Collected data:
lemma Vpi_bellman:
  assumes "\<mu> \<in> policies"
  shows "Vpi P r \<gamma> \<mu> s = QV P r \<gamma> (Vpi P r \<gamma> \<mu>) s (\<mu> s)"
proof -
  note summ = summable_discounted_reward[OF assms]
  have "(\<Sum>t. \<gamma> ^ t * expected_reward \<mu> t s) =
          (\<Sum>t. \<gamma> ^ Suc t * expected_reward \<mu> (Suc t) s) + r s (\<mu> s)"
    using suminf_split_head[OF summ] by (simp add: expected_reward_0)
  also have "(\<Sum>t. \<gamma> ^ Suc t * expected_reward \<mu> (Suc t) s) =
               (\<Sum>t. \<gamma> * (\<Sum>w\<in>UNIV. P s (\<mu> s) w * (\<gamma> ^ t * expected_reward \<mu> t w)))"
    by (simp add: expected_reward_Suc sum_distrib_left mult_ac)
  also have "\<dots> = \<gamma> * (\<Sum>w\<in>UNIV. \<Sum>t. P s (\<mu> s) w * (\<gamma> ^ t * expected_reward \<mu> t w))"
    using summ by (simp add: suminf_mult suminf_sum summable_sum summable_mult)
  also have "\<dots> = \<gamma> * (\<Sum>w\<in>UNIV. P s (\<mu> s) w * Vpi P r \<gamma> \<mu> w)"
    using summ by (simp add: suminf_mult Vpi_eq_suminf)
  finally show ?thesis by (simp add: Vpi_eq_suminf QV_def)
qed

text \<open>Maximum principle: at a maximum point \<open>M \<le> \<gamma> M\<close>, and \<open>\<gamma> < 1\<close>.\<close>
lemma nonpos_if_le_discounted_mean:
  assumes "\<mu> \<in> policies" and le: "\<And>s. d s \<le> \<gamma> * (\<Sum>s'\<in>UNIV. P s (\<mu> s) s' * d s')"
  shows "d s \<le> 0"
proof -
  define M where "M = Max (range d)"
  have d_le_M: "d x \<le> M" for x
    unfolding M_def by simp
  have "M \<in> range d"
    unfolding M_def by (intro Max_in) auto
  then obtain x where "d x = M" by auto
  have "(\<Sum>s'\<in>UNIV. P x (\<mu> x) s' * d s') \<le> (\<Sum>s'\<in>UNIV. P x (\<mu> x) s' * M)"
    using assms(1) P_nonneg d_le_M by (intro sum_mono mult_left_mono) (auto simp: policies_def)
  also have "\<dots> = M"
    using assms(1) P_sum by (simp add: policies_def flip: sum_distrib_right)
  finally have "M \<le> \<gamma> * M"
    using le[of x] \<open>d x = M\<close> discount by (metis mult_left_mono order_trans)
  then have "M \<le> 0"
    using discount by (metis mult_le_cancel_right1 not_le)
  then show ?thesis using d_le_M[of s] by simp
qed

lemma le_Vpi_if_le_QV:
  assumes "\<mu> \<in> policies" and "\<And>s. W s \<le> QV P r \<gamma> W s (\<mu> s)"
  shows "W s \<le> Vpi P r \<gamma> \<mu> s"
proof -
  have "W s - Vpi P r \<gamma> \<mu> s \<le> 0"
  proof (rule nonpos_if_le_discounted_mean[OF assms(1)])
    fix s
    show "W s - Vpi P r \<gamma> \<mu> s \<le> \<gamma> * (\<Sum>s'\<in>UNIV. P s (\<mu> s) s' * (W s' - Vpi P r \<gamma> \<mu> s'))"
      using assms(2)[of s] Vpi_bellman[OF assms(1), of s] QV_diff[of P r \<gamma> W s "\<mu> s" "Vpi P r \<gamma> \<mu>"]
      by linarith
  qed
  then show ?thesis by simp
qed

lemma Vpi_le_if_QV_le:
  assumes "\<mu> \<in> policies" and "\<And>s. QV P r \<gamma> W s (\<mu> s) \<le> W s"
  shows "Vpi P r \<gamma> \<mu> s \<le> W s"
proof -
  have "Vpi P r \<gamma> \<mu> s - W s \<le> 0"
  proof (rule nonpos_if_le_discounted_mean[OF assms(1)])
    fix s
    show "Vpi P r \<gamma> \<mu> s - W s \<le> \<gamma> * (\<Sum>s'\<in>UNIV. P s (\<mu> s) s' * (Vpi P r \<gamma> \<mu> s' - W s'))"
      using assms(2)[of s] Vpi_bellman[OF assms(1), of s] QV_diff[of P r \<gamma> "Vpi P r \<gamma> \<mu>" s "\<mu> s" W]
      by linarith
  qed
  then show ?thesis by simp
qed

### TASK TO CARRY OUT
Keeping every word in place, restate the entries above.

### TASK ANSWER
lemma Vpi_bellman:
  assumes "\<mu> \<in> policies"
  shows "Vpi P r \<gamma> \<mu> s = QV P r \<gamma> (Vpi P r \<gamma> \<mu>) s (\<mu> s)"
proof -
  note summ = summable_discounted_reward[OF assms]
  have "(\<Sum>t. \<gamma> ^ t * expected_reward \<mu> t s) =
          (\<Sum>t. \<gamma> ^ Suc t * expected_reward \<mu> (Suc t) s) + r s (\<mu> s)"
    using suminf_split_head[OF summ] by (simp add: expected_reward_0)
  also have "(\<Sum>t. \<gamma> ^ Suc t * expected_reward \<mu> (Suc t) s) =
               (\<Sum>t. \<gamma> * (\<Sum>w\<in>UNIV. P s (\<mu> s) w * (\<gamma> ^ t * expected_reward \<mu> t w)))"
    by (simp add: expected_reward_Suc sum_distrib_left mult_ac)
  also have "\<dots> = \<gamma> * (\<Sum>w\<in>UNIV. \<Sum>t. P s (\<mu> s) w * (\<gamma> ^ t * expected_reward \<mu> t w))"
    using summ by (simp add: suminf_mult suminf_sum summable_sum summable_mult)
  also have "\<dots> = \<gamma> * (\<Sum>w\<in>UNIV. P s (\<mu> s) w * Vpi P r \<gamma> \<mu> w)"
    using summ by (simp add: suminf_mult Vpi_eq_suminf)
  finally show ?thesis by (simp add: Vpi_eq_suminf QV_def)
qed

text \<open>Maximum principle: at a maximum point \<open>M \<le> \<gamma> M\<close>, and \<open>\<gamma> < 1\<close>.\<close>
lemma nonpos_if_le_discounted_mean:
  assumes "\<mu> \<in> policies" and le: "\<And>s. d s \<le> \<gamma> * (\<Sum>s'\<in>UNIV. P s (\<mu> s) s' * d s')"
  shows "d s \<le> 0"
proof -
  define M where "M = Max (range d)"
  have d_le_M: "d x \<le> M" for x
    unfolding M_def by simp
  have "M \<in> range d"
    unfolding M_def by (intro Max_in) auto
  then obtain x where "d x = M" by auto
  have "(\<Sum>s'\<in>UNIV. P x (\<mu> x) s' * d s') \<le> (\<Sum>s'\<in>UNIV. P x (\<mu> x) s' * M)"
    using assms(1) P_nonneg d_le_M by (intro sum_mono mult_left_mono) (auto simp: policies_def)
  also have "\<dots> = M"
    using assms(1) P_sum by (simp add: policies_def flip: sum_distrib_right)
  finally have "M \<le> \<gamma> * M"
    using le[of x] \<open>d x = M\<close> discount by (metis mult_left_mono order_trans)
  then have "M \<le> 0"
    using discount by (metis mult_le_cancel_right1 not_le)
  then show ?thesis using d_le_M[of s] by simp
qed

lemma le_Vpi_if_le_QV:
  assumes "\<mu> \<in> policies" and "\<And>s. W s \<le> QV P r \<gamma> W s (\<mu> s)"
  shows "W s \<le> Vpi P r \<gamma> \<mu> s"
proof -
  have "W s - Vpi P r \<gamma> \<mu> s \<le> 0"
  proof (rule nonpos_if_le_discounted_mean[OF assms(1)])
    fix s
    show "W s - Vpi P r \<gamma> \<mu> s \<le> \<gamma> * (\<Sum>s'\<in>UNIV. P s (\<mu> s) s' * (W s' - Vpi P r \<gamma> \<mu> s'))"
      using assms(2)[of s] Vpi_bellman[OF assms(1), of s] QV_diff[of P r \<gamma> W s "\<mu> s" "Vpi P r \<gamma> \<mu>"]
      by linarith
  qed
  then show ?thesis by simp
qed

lemma Vpi_le_if_QV_le:
  assumes "\<mu> \<in> policies" and "\<And>s. QV P r \<gamma> W s (\<mu> s) \<le> W s"
  shows "Vpi P r \<gamma> \<mu> s \<le> W s"
proof -
  have "Vpi P r \<gamma> \<mu> s - W s \<le> 0"
  proof (rule nonpos_if_le_discounted_mean[OF assms(1)])
    fix s
    show "Vpi P r \<gamma> \<mu> s - W s \<le> \<gamma> * (\<Sum>s'\<in>UNIV. P s (\<mu> s) s' * (Vpi P r \<gamma> \<mu> s' - W s'))"
      using assms(2)[of s] Vpi_bellman[OF assms(1), of s] QV_diff[of P r \<gamma> "Vpi P r \<gamma> \<mu>" s "\<mu> s" W]
      by linarith
  qed
  then show ?thesis by simp
qed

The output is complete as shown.